2013 Supertaça Cândido de Oliveira
- Event: Supertaça Cândido de Oliveira (Portuguese Super Cup)
| Porto | Vitória de Guimarães |
| 3 | 0 |
- Date: 10 August 2013
- Venue: Estádio Municipal de Aveiro, Aveiro
- Man of the Match: Lucho González (Porto)
- Referee: Artur Soares Dias (Porto)
- Attendance: 29,100

= 2013 Supertaça Cândido de Oliveira =

The 2013 Supertaça Cândido de Oliveira was the 35th edition of the Supertaça Cândido de Oliveira, the annual Portuguese football season-opening match contested by the winners of the previous season's top league and cup competitions (or cup runner-up in case the league- and cup-winning club is the same). It took place on 10 August 2013 at the Estádio Municipal de Aveiro in Aveiro, and was contested between Porto, the 2012–13 Primeira Liga winners, and Vitória de Guimarães, the 2012–13 Taça de Portugal winners.

Played in front of a crowd of 29,100, the Dragões defeated the Vimaranenses 3–0. A fifth-minute goal from newly acquired winger Licá, a headed goal from Colombian centre forward Jackson Martínez on 17 minutes and a volleyed strike before the end of the first half by Argentine midfielder Lucho González saw Porto defeat the opposition comfortably and thus raise the club's tally to 20 trophies in this competition (57.1% of wins).

==Background==
2013 was Porto's 29th appearance in the Supertaça Cândido de Oliveira and eighth consecutive presence since 2006. They entered the match as the record 19-time winners (1981, 1983, 1984, 1986, 1990, 1991, 1993, 1994, 1996, 1998, 1999, 2001, 2003, 2004, 2006, 2009, 2010, 2011, 2012).
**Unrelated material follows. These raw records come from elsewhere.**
(* Let $\xi>0$ and consider the reduced problem $\dot y=e^z-1$, $\dot z=\xi+e^z(\xi z-\xi y-\xi)$ (i.e. with $\alpha=\xi$), compactified at infinity. There is a unique heteroclinic connection between the points at infinity $Q^3$ and $Q^6$ on the critical manifold; it runs through the manifolds $W^{c,s}$ and $W^{c,u}$ and coincides with the level set $\{H=1\}$ of $H(y,z)=-e^{-\xi y}(\xi y-\xi z+\xi+1-\xi e^{-z})+1$. This set can be written as the union of two graphs $z=z^\pm(y)$, $y\ge -1/\xi$, such that $z^-(y)$ approaches $Q^3$ with $z^-=O(y)$ and $z^+(y)$ approaches $Q^6$ with $z^+=O(\ln y)$ as $y\to\infty$.
   Context: Points at infinity: with $y_3=y/z$, $w_3=1/z$ ($z>0$), $Q^3=(w_3,y_3)=(0,1)$ (for $\alpha=\xi$); with $\rho=-1/z$, $\eta=e^{-z}/y$ ($z<0$, $y>0$), $Q^6=(\rho,\eta)=(0,1)$. $W^{c,s}$ is the unique center-stable manifold of $Q^3$ and $W^{c,u}$ the unique center-unstable manifold of $Q^6$ for the compactified, time-desingularized reduced problem. *)

theory Defs
  imports "HOL-Analysis.Analysis" "HOL-Library.Landau_Symbols"
begin

definition H :: "real \<Rightarrow> real \<Rightarrow> real \<Rightarrow> real" where
  "H xi y z = - exp (- xi * y) * (xi * y - xi * z + xi + 1 - xi * exp (- z)) + 1"

definition time_int :: "ereal \<Rightarrow> ereal \<Rightarrow> real set" where
  "time_int a b = {t. a < ereal t \<and> ereal t < b}"

definition upper_end :: "ereal \<Rightarrow> real filter" where
  "upper_end b = (if b = \<infinity> then at_top else at_left (real_of_ereal b))"

definition lower_end :: "ereal \<Rightarrow> real filter" where
  "lower_end a = (if a = -\<infinity> then at_bot else at_right (real_of_ereal a))"

definition is_solution :: "real \<Rightarrow> ereal \<Rightarrow> ereal \<Rightarrow> (real \<Rightarrow> real) \<Rightarrow> (real \<Rightarrow> real) \<Rightarrow> bool" where
  "is_solution xi a b y z \<longleftrightarrow> a < b \<and>
     (\<forall>t\<in>time_int a b.
        (y has_real_derivative (exp (z t) - 1)) (at t) \<and>
        (z has_real_derivative (xi + exp (z t) * (xi * z t - xi * y t - xi))) (at t))"

text \<open>Convergence to Q3 = (w3,y3) = (0,1) in the chart y3 = y/z, w3 = 1/z (z > 0).\<close>
definition tends_to_Q3 :: "'a filter \<Rightarrow> ('a \<Rightarrow> real) \<Rightarrow> ('a \<Rightarrow> real) \<Rightarrow> bool" where
  "tends_to_Q3 F y z \<longleftrightarrow> eventually (\<lambda>t. z t > 0) F \<and>
     ((\<lambda>t. 1 / z t) \<longlongrightarrow> 0) F \<and> ((\<lambda>t. y t / z t) \<longlongrightarrow> 1) F"

text \<open>Convergence to Q6 = (rho,eta) = (0,1) in the chart rho = -1/z, eta = e^{-z}/y (z < 0, y > 0).\<close>
definition tends_to_Q6 :: "'a filter \<Rightarrow> ('a \<Rightarrow> real) \<Rightarrow> ('a \<Rightarrow> real) \<Rightarrow> bool" where
  "tends_to_Q6 F y z \<longleftrightarrow> eventually (\<lambda>t. z t < 0 \<and> y t > 0) F \<and>
     ((\<lambda>t. - 1 / z t) \<longlongrightarrow> 0) F \<and> ((\<lambda>t. exp (- z t) / y t) \<longlongrightarrow> 1) F"

definition heteroclinic :: "real \<Rightarrow> ereal \<Rightarrow> ereal \<Rightarrow> (real \<Rightarrow> real) \<Rightarrow> (real \<Rightarrow> real) \<Rightarrow> bool" where
  "heteroclinic xi a b y z \<longleftrightarrow> is_solution xi a b y z \<and>
     tends_to_Q6 (lower_end a) y z \<and> tends_to_Q3 (upper_end b) y z"

definition orbit :: "ereal \<Rightarrow> ereal \<Rightarrow> (real \<Rightarrow> real) \<Rightarrow> (real \<Rightarrow> real) \<Rightarrow> (real \<times> real) set" where
  "orbit a b y z = (\<lambda>t. (y t, z t)) ` time_int a b"

end

theory Submission
  imports Defs "HOL-Real_Asymp.Real_Asymp"
begin

text \<open>
  H is a first integral of the reduced problem and tends to 1 at Q3, so every heteroclinic
  connection lies in the level set {H = 1}. That level set is the graph
  y = z + e^(-z) - 1 - 1/xi over the whole z-axis, and along a connection from Q6
  (z \<rightarrow> -\<infinity>) to Q3 (z \<rightarrow> \<infinity>) the coordinate z takes every real value, so the orbit is
  the entire level set; z = - ln (- t) gives one such connection. Since z \<mapsto> y decreases
  on z \<le> 0 and increases on z \<ge> 0 with minimum -1/xi, its inverse branches on z \<ge> 0 and
  z \<le> 0 are z^- and z^+, and their growth O(y) and O(ln y) is already forced by the chart
  coordinates of Q3 and Q6.
\<close>

section \<open>Inverses of increasing functions on half-lines\<close>

lemma strict_mono_on_atLeast_DERIV_pos:
  fixes f f' :: "real \<Rightarrow> real"
  assumes cont: "continuous_on {a..} f"
    and deriv: "\<And>x. a < x \<Longrightarrow> (f has_real_derivative f' x) (at x)"
    and pos: "\<And>x. a < x \<Longrightarrow> f' x > 0"
  shows "strict_mono_on {a..} f"
proof (rule strict_mono_onI)
  fix x y assume x: "x \<in> {a..}" and "y \<in> {a..}" and xy: "x < y"
  show "f x < f y"
  proof (rule DERIV_pos_imp_increasing_open[OF xy])
    show "\<exists>d. (f has_real_derivative d) (at t) \<and> d > 0" if "x < t" for t
    proof -
      have "a < t" using x that by simp
      then show ?thesis using deriv pos by blast
    qed
    show "continuous_on {x..y} f"
      using x by (intro continuous_on_subset[OF cont]) auto
  qed
qed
In 2012, they defeated the 2011–12 Taça de Portugal holders Académica de Coimbra 1–0.

It was the third Supertaca appearance for Vitória de Guimarães and first since 2011, when they lost 2–1 against Porto.
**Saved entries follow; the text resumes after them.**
lemma card_assigned_l_split:
  assumes "finite (students I)" "matching I M" "matching I M'"
  shows "card (assigned_l I M l) = card (assigned_l I (M \<inter> M') l)
    + card (better_off I M M' \<inter> assigned_l I M l) + card (better_off I M' M \<inter> assigned_l I M l)"
proof -
  let ?C = "assigned_l I (M \<inter> M') l"
  let ?X = "better_off I M M' \<inter> assigned_l I M l"
  let ?Y = "better_off I M' M \<inter> assigned_l I M l"
  have C_sub: "?C \<subseteq> assigned_l I M l" unfolding assigned_l_def by blast
  have split: "assigned_l I M l = ?C \<union> ?X \<union> ?Y"
  proof
    show "assigned_l I M l \<subseteq> ?C \<union> ?X \<union> ?Y"
    proof
      fix s assume "s \<in> assigned_l I M l"
      then obtain p where "(s, p) \<in> M" "lect I p = l" unfolding assigned_l_def by blast
      then show "s \<in> ?C \<union> ?X \<union> ?Y"
        using better_off_cases[OF assms(2,3)] unfolding assigned_l_def by blast
    qed
  qed (use C_sub in blast)
  have fin: "finite (assigned_l I M l)" using finite_assigned_l[OF assms(1,2)] .
  have "?C \<inter> ?X = {}"
    using not_better_off_if_common[OF assms(3)] unfolding assigned_l_def by blast
  moreover have "(?C \<union> ?X) \<inter> ?Y = {}"
    using not_better_off_if_common[OF assms(2)] better_off_disjoint[of I M M']
    unfolding assigned_l_def by blast
  ultimately have "card (?C \<union> ?X \<union> ?Y) = card ?C + card ?X + card ?Y"
    using fin C_sub by (simp add: card_Un_disjoint finite_subset)
  with split show ?thesis by (metis (no_types))
qed

section \<open>Stability and counting at a lecturer\<close>

lemma stable_imp_matching: "stable I M \<Longrightarrow> matching I M"
  unfolding stable_def by simp
(* Let $a\in\mathbb{C}$ with $0<|a|<1$, $M\in\mathbb{N}$ (a positive integer), and $\varphi(z)=az^M$. Define $\nu=\left\lfloor\frac{2-|a|}{1-|a|}\right\rfloor$ and $\mathcal{N}_M=\max\{1,\,M(\nu-1)|a|^{\nu-1}\}$. Then the operator norm of $D_\varphi$ acting on the Hilbert space $S^2$ is $\|D_\varphi\|=\mathcal{N}_M$.
   Context: $\mathbb{D}$ is the open unit disk. $S^2$ is the Hilbert space of analytic functions $f(z)=\sum_{n\ge0}a_nz^n$ on $\mathbb{D}$ with $\|f\|_{S^2}^2=|a_0|^2+\sum_{n\ge1}n^2|a_n|^2<\infty$ (equivalently $\|f\|_{S^2}^2=|f(0)|^2+\|f'\|_{H^2}^2$). $D_\varphi f=f'\circ\varphi$. *)

theory Defs
  imports "HOL-Analysis.Analysis"
begin

definition taylor_coeff :: "(complex \<Rightarrow> complex) \<Rightarrow> nat \<Rightarrow> complex" where
  "taylor_coeff f n = (deriv ^^ n) f 0 / of_nat (fact n)"

definition in_S2 :: "(complex \<Rightarrow> complex) \<Rightarrow> bool" where
  "in_S2 f \<longleftrightarrow> f holomorphic_on ball 0 1 \<and>
     summable (\<lambda>n. (real n)^2 * (norm (taylor_coeff f n))^2)"

text \<open>The S^2 norm: ||f||^2 = |a_0|^2 + sum_{n>=1} n^2 |a_n|^2
  (the n = 0 term of the series vanishes).\<close>
definition S2_norm :: "(complex \<Rightarrow> complex) \<Rightarrow> real" where
  "S2_norm f = sqrt ((norm (f 0))^2 + (\<Sum>n. (real n)^2 * (norm (taylor_coeff f n))^2))"

definition D_comp :: "(complex \<Rightarrow> complex) \<Rightarrow> (complex \<Rightarrow> complex) \<Rightarrow> (complex \<Rightarrow> complex)" where
  "D_comp \<phi> f = (\<lambda>z. deriv f (\<phi> z))"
The two teams had previously met on 153 different occasions, with Porto leading the series with a 97-22-34 record. Before the Supertaça, the last meeting between both sides was in the domestic league on 2 February 2013, with the Dragões defeating the Vimaranenses 4–0 at the Estádio D. Afonso Henriques. A hat-trick from Colombian centre-forward Jackson Martínez and a header from Eliaquim Mangala provided Porto with the three points.

==Pre-match==

===Broadcasting===
RTP broadcast the Supertaça on TV and Radio (RTP1 and Antena 1) for the third consecutive year. As it happened in previous years, a HD broadcast was available on 1080i resolution on RTP HD, which was available on most Pay-TV providers at that time.

===Entry===
Porto qualified for the 2013 Supertaça Cândido de Oliveira by winning the 2012–13 Primeira Liga. The Primeira Liga title was primarily contested between Porto and Benfica. Three games from the end of the season, Benfica had a four-point advantage over the Dragões. The next fixture saw Benfica drop two points at home to Estoril, while Porto picked up three points away to Nacional which would close the gap to two points and allow the title decision to be resolved in the Clássico game at the Estádio do Dragão. In a must-win game, Porto's Kelvin scored a dramatic injury time goal which claimed all three points and put Porto one point ahead of their rivals with one game to go. Kelvin's late winner would mark the first time Benfica would suffer a loss in the 2012–13 Primeira Liga campaign. Porto won their final league game away to Paços de Ferreira, with goals from Lucho González and Jackson Martínez which claimed the league title for a third consecutive season, which was their 27th overall.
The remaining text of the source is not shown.